This review builds on the work of an earlier systematic review by continuing to focus on aspects of small-group discussions in science teaching. Small-group discussions have been strongly advocated as an important teaching approach in school science for a number of years, partly arising from a more general movement towards student-centred learning, and partly as a means of drawing on recommendations from social constructivist research, where it is seen as very important to provide students with an opportunity to articulate and reflect on their own ideas about scientific phenomena.

Several factors have come together recently to contribute to the current high levels of interest. These include the following:

  • moves towards making changes in the school science curricula of a number of countries such that courses have an increased emphasis on the development of scientific literacy
  • the most recent version of the National Curriculum for Science in England and Wales requiring that school students be explicitly taught about ideas and evidence
  • the current interest in formative assessment as a key aspect of teaching
  • a more general drive to improve students' literacy skills, formalised into the National Literacy Strategy in England and Wales.

The systematic mapping of the area undertaken in the initial review revealed a wide range of relevant studies and facilitated the potential to explore a number of different aspects of the use of small-group discussion work in science teaching.

Aims

The review has two principal aims:

  • to identify the ways in which small-group discussions are currently used in science lessons
  • to look at the effects of small-group discussions on students' understanding of science ideas and attitudes to science

Review questions

The main review research question is as follows:

How are small-group discussions used in science teaching with students aged 11-18, and what are their effects on students' understanding in science or attitude to science?

The term 'understanding' encompasses science concepts, ideas about the nature of science and the methods of science.
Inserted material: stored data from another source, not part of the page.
(* Assume the setting and Assumptions (A1), (A2), (A3) in the context, and let $\eta>0$, $\zeta>\tfrac12$, $\rho\in(0,1)$ with $\alpha_0\le\frac{\rho(2\zeta-1)}{\zeta L_{\nabla f}\tilde B}$. Then there exist constants $C_1,C_2>0$ (independent of $K$) such that for all $K\ge1$ $$\min_{0\le k\le K-1}\mathbb{E}\|\nabla f(\theta^k)\|^2\le\frac{C_1}{K\alpha_K}+C_2L_K,\qquad L_K\coloneqq\frac{1}{K\alpha_K}\sum_{k=0}^{K-1}\alpha_k\epsilon_k^2 .$$ Moreover, if $\lim_{K\to\infty}L_K=0$, then $\lim_{K\to\infty}\min_{0\le k\le K-1}\mathbb{E}\|\nabla f(\theta^k)\|=0$.
   Context: Setting: $\theta\in\mathbb{R}^d$; $f_1,\dots,f_m:\mathbb{R}^d\to\mathbb{R}$, $f=\frac1m\sum_i f_i$. $\mathcal D$ is a distribution on $v\in\mathbb{R}^m$ with independent entries, $\mathbb{E}[v_i]=1$, $\mathbb{E}[v_i^2]<\infty$; $f_v=\frac1m\sum_iv_if_i$. Inexact stochastic gradient $z_v(\theta)=\nabla f_v(\theta)+e_v(\theta)$. Algorithm ISGD: deterministic $\theta^0$; for $k=0,1,\dots$ sample $v^k\sim\mathcal D$ independently of the past, $\theta^{k+1}=\theta^k-\alpha_kz_{v^k}(\theta^k)$, with positive step sizes $\alpha_k$ and non-negative accuracies $\epsilon_k$. (A1): each $f_i$ is $C^1$ with Lipschitz gradient and bounded below; $f$ has $L_{\nabla f}$-Lipschitz gradient and is bounded below by $f^{\inf}$; $A,B,C\ge0$ satisfy $\mathbb{E}_v\|\nabla f_v(\theta)\|^2\le2A(f(\theta)-f^{\inf})+B\|\nabla f(\theta)\|^2+C$ for all $\theta$. (A2): $\mathbb{E}[\|e_{v^k}(\theta^k)\|^2\mid\theta^k]\le\epsilon_k^2$ for all $k$, $\{\epsilon_k\}$ deterministic. (A3): $\{\alpha_k\}$ is positive and non-increasing, $\sum_{k}\alpha_k^2<\infty$, and $\lim_{k\to\infty}\frac{1}{k\alpha_k}=0$. Notation: $\tilde B=\frac{1+\eta}{\eta}B$. *)

theory Defs
  imports "HOL-Analysis.Analysis" "HOL-Probability.Probability"
begin

text \<open>Weighted average (1/m) * sum_i v_i F_i(x), m = CARD('m).
  With v = all-ones this is f = (1/m) sum_i f_i; with F = gradients it is the
  gradient of f_v (gradient is linear).\<close>
definition wavg :: "real^'m::finite \<Rightarrow> ('m \<Rightarrow> 'x \<Rightarrow> 'y::real_vector) \<Rightarrow> 'x \<Rightarrow> 'y" where
  "wavg v F x = (1 / real CARD('m)) *\<^sub>R (\<Sum>i\<in>UNIV. (v $ i) *\<^sub>R F i x)"

definition ones :: "real^'m::finite" where
  "ones = (\<chi> i. 1)"

end

theory Submission
  imports Defs
begin
lemma embeds_into_finite_free_iff_max_rank:
  fixes M :: "'a::cancel_comm_monoid_add set"
  assumes M: "is_monoid M"
  shows "(\<exists>d::nat. embeds_into_free M {..<d})
     \<longleftrightarrow> (\<exists>d::nat. \<exists>S. S \<subseteq> Nd d \<and> is_monoid S \<and> has_rank S d \<and> isomorphic_mon M S)"
proof
  assume "\<exists>d::nat. embeds_into_free M {..<d}"
  then obtain k g where g: "mon_hom_on M g" "inj_on g M" "g ` M \<subseteq> Nd k" "has_rank (g ` M) k"
    using embeds_into_free_imp_rank_dim[OF M] by blast
  moreover have "is_monoid (g ` M)" "isomorphic_mon M (g ` M)"
    using g is_monoid_image[OF M] by (auto simp: isomorphic_mon_def bij_betw_def)
  ultimately show "\<exists>d::nat. \<exists>S. S \<subseteq> Nd d \<and> is_monoid S \<and> has_rank S d \<and> isomorphic_mon M S"
    by blast
next
  assume "\<exists>d::nat. \<exists>S. S \<subseteq> Nd d \<and> is_monoid S \<and> has_rank S d \<and> isomorphic_mon M S"
  then obtain d S and g :: "'a \<Rightarrow> nat \<Rightarrow> nat" where "S \<subseteq> Nd d" "mon_hom_on M g" "bij_betw g M S"
    unfolding isomorphic_mon_def by blast
  with Nd_subset_free_cmon[of d] have "embeds_into_free M {..<d}"
    unfolding embeds_into_free_def bij_betw_def by blast
  then show "\<exists>d::nat. embeds_into_free M {..<d}" ..
qed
The term 'attitude' includes attitude towards science, attitude towards school science, motivation to learn, interest in science activities and career intentions.

The earlier review by the Review Group led to a systematic map of research activity in the area and an in-depth review of studies addressing the question: What is the evidence from evaluative studies of the effect of small-group discussions on students' understanding of evidence in science?

Based on an update of the systematic map, the review reported here includes an in-depth review of studies addressing the question:

What is the evidence from evaluative studies of the effect of using different stimuli (print materials, practical work, ICT, video/film) in small-group discussions on students' understanding of evidence in science?

This particular research question was chosen because little research has been carried out into this aspect of small-group discussions and because there has been no attempt to put the evidence together.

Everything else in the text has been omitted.